Causes of central vertigo
Transient ischemic attack (TIA) and brainstem infarction are important causes of central vertigo as ischemia in the brainstem can be life threatening. As with all strokes and TIAs, traditional vascular risk factors for this condition include diabetes, hypertension, and hyperlipidemia. This type of vertigo presents with dizziness spells accompanied by diplopia, numbness, and lack of coordination. Patients usually present with vertigo, diplopia, ipsilateral ataxia, and ipsilateral loss of pain sensation on the face.
Tumor or mass in the brainstem causes vertigo along with symptoms such as progressive unilateral hearing loss.
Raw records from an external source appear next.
(* Let $\Phi:(X,d^X,\mu,T)\to(Y,d^Y,\nu,S)$ be a Borel factor map of compact model p.-p. systems, and let $\varepsilon>0$. Then there is $L<\infty$ such that for all sufficiently large $N\in\mathbb{N}$ there is a compact subset $X_0\subseteq X$ with $\mu(X_0)>1-\varepsilon$ such that $\Phi|_{X_0}$ is continuous and is $(\varepsilon N)$-almost $L$-Lipschitz both as a map $(X_0,d^{\mathbf{X}}_{[-N;0)})\to(Y,d^{\mathbf{Y}}_{[-N;0)})$ and as a map $(X_0,d^{\mathbf{X}}_{[0;N)})\to(Y,d^{\mathbf{Y}}_{[0;N)})$.
   Context: Compact model p.-p. system $(X,d^X,\mu,T)$: compact metric space, homeomorphism $T$, $T$-invariant Borel probability $\mu$. $d^{\mathbf{X}}_F(x,x')=\sum_{n\in F}d^X(T^nx,T^nx')$ for finite $F\subseteq\mathbb{Z}$. A Borel factor map is a Borel $\Phi$ with $\Phi\circ T=S\circ\Phi$ $\mu$-a.e. and $\Phi_*\mu=\nu$. A map $f$ between (pseudo)metric spaces is $c$-almost $L$-Lipschitz if $d(f(x),f(x'))\le Ld(x,x')+c$ for all $x,x'$. *)

theory Defs
  imports "HOL-Analysis.Analysis" "HOL-Probability.Probability"
begin

definition zpow :: "('a \<Rightarrow> 'a) \<Rightarrow> int \<Rightarrow> 'a \<Rightarrow> 'a" where
  "zpow T n = (if 0 \<le> n then T ^^ nat n else (inv T) ^^ nat (- n))"

definition dyn_dist :: "('a::metric_space \<Rightarrow> 'a) \<Rightarrow> int set \<Rightarrow> 'a \<Rightarrow> 'a \<Rightarrow> real" where
  "dyn_dist T F x x' = (\<Sum>n\<in>F. dist (zpow T n x) (zpow T n x'))"

definition compact_model_pps :: "'a::metric_space measure \<Rightarrow> ('a \<Rightarrow> 'a) \<Rightarrow> bool" where
  "compact_model_pps M T \<longleftrightarrow> compact (UNIV :: 'a set) \<and>
     (\<exists>T'. homeomorphism UNIV UNIV T T') \<and>
     prob_space M \<and> sets M = sets borel \<and> T \<in> M \<rightarrow>\<^sub>M M \<and> distr M M T = M"

definition borel_factor_map ::
  "'a::metric_space measure \<Rightarrow> ('a \<Rightarrow> 'a) \<Rightarrow> 'b::metric_space measure \<Rightarrow> ('b \<Rightarrow> 'b) \<Rightarrow> ('a \<Rightarrow> 'b) \<Rightarrow> bool" where
  "borel_factor_map M T N S \<Phi> \<longleftrightarrow> \<Phi> \<in> borel_measurable borel \<and>
     (AE x in M. \<Phi> (T x) = S (\<Phi> x)) \<and> distr M N \<Phi> = N"

definition almost_lipschitz_on ::
  "'a set \<Rightarrow> ('a \<Rightarrow> 'a \<Rightarrow> real) \<Rightarrow> ('b \<Rightarrow> 'b \<Rightarrow> real) \<Rightarrow> real \<Rightarrow> real \<Rightarrow> ('a \<Rightarrow> 'b) \<Rightarrow> bool" where
  "almost_lipschitz_on A dA dB c L f \<longleftrightarrow> (\<forall>x\<in>A. \<forall>x'\<in>A. dB (f x) (f x') \<le> L * dA x x' + c)"

end

theory Submission
  imports Defs
begin

text \<open>
  By Lusin's theorem there is a compact set \<open>K\<close> of measure close to \<open>1\<close> on which \<open>\<Phi>\<close>
  is uniformly continuous: \<open>d(u,v) < \<delta>\<close> implies \<open>d(\<Phi> u, \<Phi> v) \<le> \<epsilon>/2\<close>. With \<open>D\<close> a bound for the
  distances in \<open>Y\<close>, every pair \<open>u, v \<in> K\<close> then satisfies \<open>d(\<Phi> u, \<Phi> v) \<le> (D/\<delta>) d(u,v) + \<epsilon>/2\<close>.
  Summing this along orbit segments of length \<open>N\<close> (using \<open>\<Phi> \<circ> T^n = S^n \<circ> \<Phi>\<close> a.e.) gives the
  claim with \<open>L = D/\<delta>\<close>, except that each time at which one of the two orbits is outside \<open>K\<close> costs
  up to \<open>D\<close>. Since \<open>T\<close> preserves \<open>\<mu>\<close>, the expected number of such times in \<open>[-N;N)\<close> is
  \<open>2N \<mu>(X - K)\<close>, so by Markov's inequality most points have at most \<open>c N\<close> of them; removing the
  remaining points and approximating from inside by a closed set yields the compact set \<open>X0\<close>.
\<close>

lemma measure_UN_le_geometric:
  assumes "finite_measure M" and "\<And>i. A i \<in> sets M"
    and "\<And>i. measure M (A i) \<le> e * (1/2) ^ Suc i"
  shows "measure M (\<Union>i. A i) \<le> e"
proof -
  interpret finite_measure M by fact
  have geo: "(\<lambda>i. e * (1/2) ^ Suc i) sums e"
    using sums_mult[OF power_half_series, of e] by simp
  have summable: "summable (\<lambda>i. measure M (A i))"
    by (rule summable_comparison_test'[OF sums_summable[OF geo], of 0]) (use assms(3) in auto)
  have "measure M (\<Union>i. A i) \<le> (\<Sum>i. measure M (A i))"
    using assms(2) summable by (intro finite_measure_subadditive_countably) auto
  also have "\<dots> \<le> e"
    using suminf_le[OF assms(3) summable sums_summable[OF geo]] sums_unique[OF geo] by simp
  finally show ?thesis .
qed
Multiple sclerosis is another significant cause of central vertigo in younger patients. Nearly 33% of MS patients present with visual symptoms and about 7% of patients present with vestibular symptoms.
Migraine causes episodic vertigo that lasts a few minutes to hours in about 10-30% of patients.
How is central vertigo treated?
Central vertigo can only be managed by diagnosing the root cause of the vertigo and treating it. Migraines can usually be treated with prophylactic migraine medications. In case of multiple sclerosis and tumors, managing the symptoms with medicines for nausea and dizziness usually helps.
New type of vertigo
Apart from peripheral and central vertigo, neurologists recently identified a new type of vertigo which had no known cause but responds to treatment. This condition is known as recurrent spontaneous vertigo with head-shaking nystagmus. Patients with this condition had vertigo attacks accompanied by headaches, nausea, and vomiting. These patients were also more likely to experience severe motion sickness than patients with other types of vertigo.